• _DIRECTIONS FOR THIS TASK_: Needed from the data below: all lines that contain the word "induction".

Dataset entries:

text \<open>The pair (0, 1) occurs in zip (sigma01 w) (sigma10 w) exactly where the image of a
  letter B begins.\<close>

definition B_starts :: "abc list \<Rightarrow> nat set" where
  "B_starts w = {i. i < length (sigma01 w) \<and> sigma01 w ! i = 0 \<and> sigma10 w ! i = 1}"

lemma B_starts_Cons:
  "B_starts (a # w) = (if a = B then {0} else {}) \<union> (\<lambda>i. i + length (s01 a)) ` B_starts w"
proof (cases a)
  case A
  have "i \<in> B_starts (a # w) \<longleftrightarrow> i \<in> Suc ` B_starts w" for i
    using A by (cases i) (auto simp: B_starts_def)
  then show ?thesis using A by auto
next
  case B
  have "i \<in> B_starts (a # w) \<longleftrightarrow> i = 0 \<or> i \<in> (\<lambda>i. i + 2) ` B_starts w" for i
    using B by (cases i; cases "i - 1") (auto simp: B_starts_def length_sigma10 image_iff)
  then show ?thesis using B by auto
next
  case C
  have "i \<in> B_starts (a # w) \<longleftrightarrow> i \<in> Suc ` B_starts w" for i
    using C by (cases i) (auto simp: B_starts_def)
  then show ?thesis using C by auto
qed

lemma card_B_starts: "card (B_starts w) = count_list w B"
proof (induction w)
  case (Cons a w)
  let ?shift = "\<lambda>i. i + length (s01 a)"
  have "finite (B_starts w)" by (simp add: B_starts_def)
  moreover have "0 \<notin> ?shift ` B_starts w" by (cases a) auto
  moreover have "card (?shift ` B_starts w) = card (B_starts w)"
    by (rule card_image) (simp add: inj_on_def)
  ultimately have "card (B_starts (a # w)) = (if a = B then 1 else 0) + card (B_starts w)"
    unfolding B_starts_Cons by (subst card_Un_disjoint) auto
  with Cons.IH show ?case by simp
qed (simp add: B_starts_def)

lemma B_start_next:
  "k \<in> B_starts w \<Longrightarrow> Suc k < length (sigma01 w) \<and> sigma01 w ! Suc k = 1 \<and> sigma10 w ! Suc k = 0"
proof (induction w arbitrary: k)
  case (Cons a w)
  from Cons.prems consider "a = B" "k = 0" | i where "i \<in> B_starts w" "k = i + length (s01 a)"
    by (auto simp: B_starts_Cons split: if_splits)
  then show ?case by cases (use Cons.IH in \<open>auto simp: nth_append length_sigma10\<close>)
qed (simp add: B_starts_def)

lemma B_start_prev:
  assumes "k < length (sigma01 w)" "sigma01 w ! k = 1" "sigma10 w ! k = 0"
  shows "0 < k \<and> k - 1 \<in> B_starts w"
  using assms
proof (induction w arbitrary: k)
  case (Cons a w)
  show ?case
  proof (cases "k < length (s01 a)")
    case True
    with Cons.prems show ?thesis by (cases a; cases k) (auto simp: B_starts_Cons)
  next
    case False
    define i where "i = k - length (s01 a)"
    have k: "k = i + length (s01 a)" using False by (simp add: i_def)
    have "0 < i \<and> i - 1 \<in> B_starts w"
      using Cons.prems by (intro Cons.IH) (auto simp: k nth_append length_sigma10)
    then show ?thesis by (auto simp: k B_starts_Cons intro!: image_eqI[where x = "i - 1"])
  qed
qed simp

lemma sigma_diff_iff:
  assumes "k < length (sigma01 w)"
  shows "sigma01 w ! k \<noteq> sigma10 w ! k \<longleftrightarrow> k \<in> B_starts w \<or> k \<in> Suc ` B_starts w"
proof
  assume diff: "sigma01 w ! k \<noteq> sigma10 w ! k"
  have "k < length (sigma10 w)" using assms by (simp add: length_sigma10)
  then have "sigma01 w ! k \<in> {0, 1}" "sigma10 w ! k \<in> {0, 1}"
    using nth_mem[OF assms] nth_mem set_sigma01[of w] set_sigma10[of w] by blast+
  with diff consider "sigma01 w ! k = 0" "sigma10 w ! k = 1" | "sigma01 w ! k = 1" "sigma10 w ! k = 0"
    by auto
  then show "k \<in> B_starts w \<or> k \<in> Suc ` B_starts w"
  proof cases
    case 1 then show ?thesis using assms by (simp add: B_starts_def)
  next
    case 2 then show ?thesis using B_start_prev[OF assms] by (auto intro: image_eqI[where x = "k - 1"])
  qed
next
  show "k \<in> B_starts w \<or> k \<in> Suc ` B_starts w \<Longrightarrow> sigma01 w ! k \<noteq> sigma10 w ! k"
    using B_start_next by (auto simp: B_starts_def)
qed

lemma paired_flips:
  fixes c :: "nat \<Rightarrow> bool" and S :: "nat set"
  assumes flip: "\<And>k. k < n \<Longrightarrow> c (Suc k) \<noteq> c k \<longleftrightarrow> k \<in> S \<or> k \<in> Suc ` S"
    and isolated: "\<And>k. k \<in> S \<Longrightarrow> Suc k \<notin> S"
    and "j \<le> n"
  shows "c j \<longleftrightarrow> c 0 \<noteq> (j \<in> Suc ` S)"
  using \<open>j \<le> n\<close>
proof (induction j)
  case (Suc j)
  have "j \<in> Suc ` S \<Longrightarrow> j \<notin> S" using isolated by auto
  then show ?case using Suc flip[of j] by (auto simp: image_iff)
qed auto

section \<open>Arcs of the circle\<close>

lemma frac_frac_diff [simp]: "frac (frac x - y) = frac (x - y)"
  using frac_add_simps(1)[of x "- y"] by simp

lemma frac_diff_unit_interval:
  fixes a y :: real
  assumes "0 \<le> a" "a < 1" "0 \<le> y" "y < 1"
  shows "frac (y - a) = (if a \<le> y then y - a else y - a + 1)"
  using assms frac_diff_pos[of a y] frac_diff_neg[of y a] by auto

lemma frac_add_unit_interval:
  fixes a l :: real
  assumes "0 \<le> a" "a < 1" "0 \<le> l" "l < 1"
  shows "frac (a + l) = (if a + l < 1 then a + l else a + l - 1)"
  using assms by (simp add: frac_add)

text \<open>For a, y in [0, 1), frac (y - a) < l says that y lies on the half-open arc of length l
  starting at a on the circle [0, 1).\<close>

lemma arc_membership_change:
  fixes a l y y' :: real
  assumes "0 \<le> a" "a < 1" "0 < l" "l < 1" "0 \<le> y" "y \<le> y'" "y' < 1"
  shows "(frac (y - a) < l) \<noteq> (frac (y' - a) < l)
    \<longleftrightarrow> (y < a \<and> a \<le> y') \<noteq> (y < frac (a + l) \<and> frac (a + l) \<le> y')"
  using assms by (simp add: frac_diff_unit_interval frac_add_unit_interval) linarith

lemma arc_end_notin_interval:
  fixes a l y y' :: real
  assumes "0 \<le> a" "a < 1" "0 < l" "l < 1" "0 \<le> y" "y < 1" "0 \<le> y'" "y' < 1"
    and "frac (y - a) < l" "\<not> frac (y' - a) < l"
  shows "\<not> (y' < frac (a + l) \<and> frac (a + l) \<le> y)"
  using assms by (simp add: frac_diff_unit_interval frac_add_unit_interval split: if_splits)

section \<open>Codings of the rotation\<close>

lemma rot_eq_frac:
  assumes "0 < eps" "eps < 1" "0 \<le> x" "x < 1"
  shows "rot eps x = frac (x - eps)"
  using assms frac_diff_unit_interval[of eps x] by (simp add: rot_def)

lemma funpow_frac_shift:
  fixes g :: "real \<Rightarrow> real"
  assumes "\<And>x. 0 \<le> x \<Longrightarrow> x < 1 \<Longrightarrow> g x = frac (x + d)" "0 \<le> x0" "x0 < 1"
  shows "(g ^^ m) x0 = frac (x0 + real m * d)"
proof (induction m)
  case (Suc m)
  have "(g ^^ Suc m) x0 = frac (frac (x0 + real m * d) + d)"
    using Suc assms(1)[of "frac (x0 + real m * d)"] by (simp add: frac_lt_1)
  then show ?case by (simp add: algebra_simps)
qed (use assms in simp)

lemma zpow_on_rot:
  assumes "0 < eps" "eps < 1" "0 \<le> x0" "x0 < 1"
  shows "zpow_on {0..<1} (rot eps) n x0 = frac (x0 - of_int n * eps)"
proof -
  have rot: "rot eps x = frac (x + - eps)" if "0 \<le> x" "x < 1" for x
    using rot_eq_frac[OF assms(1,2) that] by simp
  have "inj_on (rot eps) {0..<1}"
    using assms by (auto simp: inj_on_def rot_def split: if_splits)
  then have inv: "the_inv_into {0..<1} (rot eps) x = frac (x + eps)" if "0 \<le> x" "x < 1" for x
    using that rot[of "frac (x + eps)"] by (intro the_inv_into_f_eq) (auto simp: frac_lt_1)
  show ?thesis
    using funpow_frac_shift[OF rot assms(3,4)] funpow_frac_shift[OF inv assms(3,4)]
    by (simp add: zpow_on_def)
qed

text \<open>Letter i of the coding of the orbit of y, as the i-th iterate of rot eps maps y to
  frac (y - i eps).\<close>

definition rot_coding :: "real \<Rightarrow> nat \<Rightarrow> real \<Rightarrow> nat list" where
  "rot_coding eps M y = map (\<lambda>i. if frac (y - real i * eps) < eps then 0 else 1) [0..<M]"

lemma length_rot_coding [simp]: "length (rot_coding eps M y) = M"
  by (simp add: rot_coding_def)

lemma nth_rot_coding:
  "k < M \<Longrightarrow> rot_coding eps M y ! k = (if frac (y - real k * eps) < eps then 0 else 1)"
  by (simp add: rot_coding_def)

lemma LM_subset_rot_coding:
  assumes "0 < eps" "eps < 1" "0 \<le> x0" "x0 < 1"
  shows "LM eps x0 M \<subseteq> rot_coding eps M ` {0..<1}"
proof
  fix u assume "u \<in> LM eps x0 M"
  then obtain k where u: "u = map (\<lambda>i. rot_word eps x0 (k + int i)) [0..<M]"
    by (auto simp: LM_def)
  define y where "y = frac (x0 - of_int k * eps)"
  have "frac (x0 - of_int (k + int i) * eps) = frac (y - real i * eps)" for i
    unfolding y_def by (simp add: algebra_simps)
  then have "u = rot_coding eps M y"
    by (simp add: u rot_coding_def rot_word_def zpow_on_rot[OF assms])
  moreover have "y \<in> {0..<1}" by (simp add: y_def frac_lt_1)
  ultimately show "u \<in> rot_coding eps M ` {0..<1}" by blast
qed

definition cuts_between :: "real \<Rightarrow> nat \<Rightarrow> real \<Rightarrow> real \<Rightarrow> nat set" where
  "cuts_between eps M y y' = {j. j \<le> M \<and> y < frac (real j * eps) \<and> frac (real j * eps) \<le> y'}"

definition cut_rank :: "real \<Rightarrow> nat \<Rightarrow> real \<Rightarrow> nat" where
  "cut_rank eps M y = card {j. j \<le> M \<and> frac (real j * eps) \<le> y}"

* * *

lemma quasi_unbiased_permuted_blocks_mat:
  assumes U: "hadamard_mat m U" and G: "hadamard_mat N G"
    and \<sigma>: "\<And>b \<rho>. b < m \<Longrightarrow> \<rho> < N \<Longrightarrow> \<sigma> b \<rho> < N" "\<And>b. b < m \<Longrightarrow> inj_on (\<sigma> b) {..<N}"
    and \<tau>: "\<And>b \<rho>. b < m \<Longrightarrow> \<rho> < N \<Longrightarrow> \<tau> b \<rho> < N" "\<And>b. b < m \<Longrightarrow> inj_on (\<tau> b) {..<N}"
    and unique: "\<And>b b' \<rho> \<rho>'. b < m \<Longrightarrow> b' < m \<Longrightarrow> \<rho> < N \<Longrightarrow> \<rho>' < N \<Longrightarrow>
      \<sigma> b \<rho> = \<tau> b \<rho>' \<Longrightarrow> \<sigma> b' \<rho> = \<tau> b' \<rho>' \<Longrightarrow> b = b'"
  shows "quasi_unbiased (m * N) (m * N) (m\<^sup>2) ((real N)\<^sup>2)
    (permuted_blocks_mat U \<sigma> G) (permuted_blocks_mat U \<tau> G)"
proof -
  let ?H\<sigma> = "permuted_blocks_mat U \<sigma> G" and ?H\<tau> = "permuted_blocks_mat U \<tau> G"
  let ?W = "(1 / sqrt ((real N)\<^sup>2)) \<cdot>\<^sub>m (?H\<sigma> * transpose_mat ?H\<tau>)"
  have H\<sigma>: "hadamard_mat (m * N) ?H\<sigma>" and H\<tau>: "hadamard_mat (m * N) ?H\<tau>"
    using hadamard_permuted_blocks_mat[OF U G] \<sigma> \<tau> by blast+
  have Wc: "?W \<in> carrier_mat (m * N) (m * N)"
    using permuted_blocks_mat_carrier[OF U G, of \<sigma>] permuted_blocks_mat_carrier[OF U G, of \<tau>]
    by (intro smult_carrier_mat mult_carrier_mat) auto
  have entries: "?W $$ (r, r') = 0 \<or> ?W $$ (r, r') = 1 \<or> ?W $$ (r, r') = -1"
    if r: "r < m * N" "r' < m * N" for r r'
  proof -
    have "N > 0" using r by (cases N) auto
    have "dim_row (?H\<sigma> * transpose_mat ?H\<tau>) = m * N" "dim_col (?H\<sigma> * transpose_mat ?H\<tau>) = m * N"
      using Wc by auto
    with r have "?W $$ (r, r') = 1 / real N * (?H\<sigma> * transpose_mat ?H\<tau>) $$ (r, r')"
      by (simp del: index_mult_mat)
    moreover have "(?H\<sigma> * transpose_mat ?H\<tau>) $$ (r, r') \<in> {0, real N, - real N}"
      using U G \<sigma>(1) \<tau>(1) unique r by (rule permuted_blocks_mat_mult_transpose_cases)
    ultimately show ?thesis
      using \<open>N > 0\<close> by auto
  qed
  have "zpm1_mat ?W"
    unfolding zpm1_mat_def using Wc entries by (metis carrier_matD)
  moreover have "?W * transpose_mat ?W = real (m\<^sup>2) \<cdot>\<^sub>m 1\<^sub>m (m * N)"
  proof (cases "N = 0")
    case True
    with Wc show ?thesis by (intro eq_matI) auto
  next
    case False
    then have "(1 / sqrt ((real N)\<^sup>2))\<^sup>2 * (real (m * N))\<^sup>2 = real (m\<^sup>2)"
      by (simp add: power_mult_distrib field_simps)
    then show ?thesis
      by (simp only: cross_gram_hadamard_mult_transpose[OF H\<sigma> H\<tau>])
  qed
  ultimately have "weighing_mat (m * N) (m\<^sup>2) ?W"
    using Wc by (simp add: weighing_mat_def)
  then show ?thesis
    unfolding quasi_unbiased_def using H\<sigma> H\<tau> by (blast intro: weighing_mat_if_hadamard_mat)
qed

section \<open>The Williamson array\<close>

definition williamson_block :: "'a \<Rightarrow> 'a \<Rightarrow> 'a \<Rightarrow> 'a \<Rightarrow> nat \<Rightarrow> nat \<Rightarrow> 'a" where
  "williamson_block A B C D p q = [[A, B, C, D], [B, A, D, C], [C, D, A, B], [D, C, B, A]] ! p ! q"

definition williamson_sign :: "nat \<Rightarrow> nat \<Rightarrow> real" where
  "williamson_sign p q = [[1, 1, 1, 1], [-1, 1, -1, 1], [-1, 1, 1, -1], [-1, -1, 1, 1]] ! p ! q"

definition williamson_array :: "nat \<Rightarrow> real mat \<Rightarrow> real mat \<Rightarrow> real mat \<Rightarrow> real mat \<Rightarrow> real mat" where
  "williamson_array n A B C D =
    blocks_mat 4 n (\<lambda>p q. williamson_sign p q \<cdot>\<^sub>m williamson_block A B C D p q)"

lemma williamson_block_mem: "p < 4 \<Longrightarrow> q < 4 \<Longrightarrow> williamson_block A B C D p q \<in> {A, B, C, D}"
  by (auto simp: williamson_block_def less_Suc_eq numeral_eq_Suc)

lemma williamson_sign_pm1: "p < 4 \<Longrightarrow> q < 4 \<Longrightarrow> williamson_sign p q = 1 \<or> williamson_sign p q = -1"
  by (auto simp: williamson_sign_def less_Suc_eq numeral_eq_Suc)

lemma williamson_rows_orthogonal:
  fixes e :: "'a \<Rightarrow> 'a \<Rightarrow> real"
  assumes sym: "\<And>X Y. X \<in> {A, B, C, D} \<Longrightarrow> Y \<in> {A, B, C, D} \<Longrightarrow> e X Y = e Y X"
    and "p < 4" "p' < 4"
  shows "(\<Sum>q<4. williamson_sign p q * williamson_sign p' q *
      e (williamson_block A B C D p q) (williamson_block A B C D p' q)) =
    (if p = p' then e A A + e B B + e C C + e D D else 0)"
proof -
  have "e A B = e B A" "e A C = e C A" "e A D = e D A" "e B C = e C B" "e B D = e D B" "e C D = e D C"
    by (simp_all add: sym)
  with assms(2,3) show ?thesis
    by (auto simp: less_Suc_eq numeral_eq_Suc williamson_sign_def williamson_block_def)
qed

• _EXERCISE ANSWER_:
proof (induction w)
proof (induction w arbitrary: k)
proof (induction w arbitrary: k)
proof (induction j)
proof (induction m)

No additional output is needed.